--- DATA FOR THIS TASK Enclosed Below ---
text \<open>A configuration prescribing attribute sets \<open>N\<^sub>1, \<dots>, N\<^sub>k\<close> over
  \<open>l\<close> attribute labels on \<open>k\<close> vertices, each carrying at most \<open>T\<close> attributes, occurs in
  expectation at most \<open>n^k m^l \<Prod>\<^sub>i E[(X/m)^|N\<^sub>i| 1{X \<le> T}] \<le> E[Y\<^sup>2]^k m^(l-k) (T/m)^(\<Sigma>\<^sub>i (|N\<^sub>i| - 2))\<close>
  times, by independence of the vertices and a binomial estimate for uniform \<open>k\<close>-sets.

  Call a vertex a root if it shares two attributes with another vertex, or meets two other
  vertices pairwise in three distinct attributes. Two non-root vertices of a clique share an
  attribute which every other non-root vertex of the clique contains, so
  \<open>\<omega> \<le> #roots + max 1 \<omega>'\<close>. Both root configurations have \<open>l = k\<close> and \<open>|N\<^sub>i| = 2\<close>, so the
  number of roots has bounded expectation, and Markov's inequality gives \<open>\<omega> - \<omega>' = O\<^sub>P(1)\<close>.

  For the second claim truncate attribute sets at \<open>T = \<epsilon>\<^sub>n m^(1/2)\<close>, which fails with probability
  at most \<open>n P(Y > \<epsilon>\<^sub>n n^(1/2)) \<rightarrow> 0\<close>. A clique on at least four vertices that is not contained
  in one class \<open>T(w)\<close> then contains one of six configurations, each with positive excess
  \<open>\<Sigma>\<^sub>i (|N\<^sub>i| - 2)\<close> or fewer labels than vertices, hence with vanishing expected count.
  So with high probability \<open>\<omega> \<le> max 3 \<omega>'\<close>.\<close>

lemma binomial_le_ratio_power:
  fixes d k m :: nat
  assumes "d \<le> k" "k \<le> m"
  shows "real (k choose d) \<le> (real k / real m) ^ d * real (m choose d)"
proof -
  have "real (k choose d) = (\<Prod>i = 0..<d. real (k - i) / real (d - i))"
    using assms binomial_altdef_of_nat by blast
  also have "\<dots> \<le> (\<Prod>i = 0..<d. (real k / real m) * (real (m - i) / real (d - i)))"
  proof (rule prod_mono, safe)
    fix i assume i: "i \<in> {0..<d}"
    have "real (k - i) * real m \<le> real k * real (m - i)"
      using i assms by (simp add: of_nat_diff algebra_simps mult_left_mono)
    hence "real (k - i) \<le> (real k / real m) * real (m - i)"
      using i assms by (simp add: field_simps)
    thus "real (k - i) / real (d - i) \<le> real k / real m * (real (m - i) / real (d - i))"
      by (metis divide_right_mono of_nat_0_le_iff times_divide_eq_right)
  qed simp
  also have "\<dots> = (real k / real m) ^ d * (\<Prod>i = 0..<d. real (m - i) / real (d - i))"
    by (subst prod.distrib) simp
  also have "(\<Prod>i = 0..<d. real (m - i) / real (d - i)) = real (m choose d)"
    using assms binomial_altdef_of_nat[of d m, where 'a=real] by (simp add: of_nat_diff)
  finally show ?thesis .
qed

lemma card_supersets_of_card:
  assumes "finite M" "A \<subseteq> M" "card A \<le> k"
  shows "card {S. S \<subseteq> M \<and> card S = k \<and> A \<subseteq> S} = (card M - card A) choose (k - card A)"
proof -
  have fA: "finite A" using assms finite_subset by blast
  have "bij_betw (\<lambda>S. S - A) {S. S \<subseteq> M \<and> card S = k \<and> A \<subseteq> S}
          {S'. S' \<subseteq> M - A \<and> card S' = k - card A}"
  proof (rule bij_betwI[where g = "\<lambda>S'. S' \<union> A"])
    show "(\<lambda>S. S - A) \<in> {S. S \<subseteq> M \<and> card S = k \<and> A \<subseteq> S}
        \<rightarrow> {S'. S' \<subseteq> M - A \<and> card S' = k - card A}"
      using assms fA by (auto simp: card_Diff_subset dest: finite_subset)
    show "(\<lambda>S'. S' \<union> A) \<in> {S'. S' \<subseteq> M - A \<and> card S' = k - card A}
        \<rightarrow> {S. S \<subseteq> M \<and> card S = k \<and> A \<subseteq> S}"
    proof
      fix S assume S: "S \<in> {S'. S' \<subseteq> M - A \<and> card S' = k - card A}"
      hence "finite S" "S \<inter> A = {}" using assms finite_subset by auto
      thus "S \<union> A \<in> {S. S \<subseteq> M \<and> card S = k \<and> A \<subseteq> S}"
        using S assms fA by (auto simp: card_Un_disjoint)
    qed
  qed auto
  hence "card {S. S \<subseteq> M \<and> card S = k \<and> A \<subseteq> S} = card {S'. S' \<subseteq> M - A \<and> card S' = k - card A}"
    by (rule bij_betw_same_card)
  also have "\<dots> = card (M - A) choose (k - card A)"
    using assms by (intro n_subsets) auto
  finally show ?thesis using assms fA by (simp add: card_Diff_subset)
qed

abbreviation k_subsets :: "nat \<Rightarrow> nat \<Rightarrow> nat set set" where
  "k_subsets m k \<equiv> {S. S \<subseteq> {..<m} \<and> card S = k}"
--- End of Enclosed DATA FOR THIS TASK ---
Each line from the material above that mentions the word "thus" needs to be copied.

    thus "real (k - i) / real (d - i) \<le> real k / real m * (real (m - i) / real (d - i))"
      thus "S \<union> A \<in> {S. S \<subseteq> M \<and> card S = k \<and> A \<subseteq> S}"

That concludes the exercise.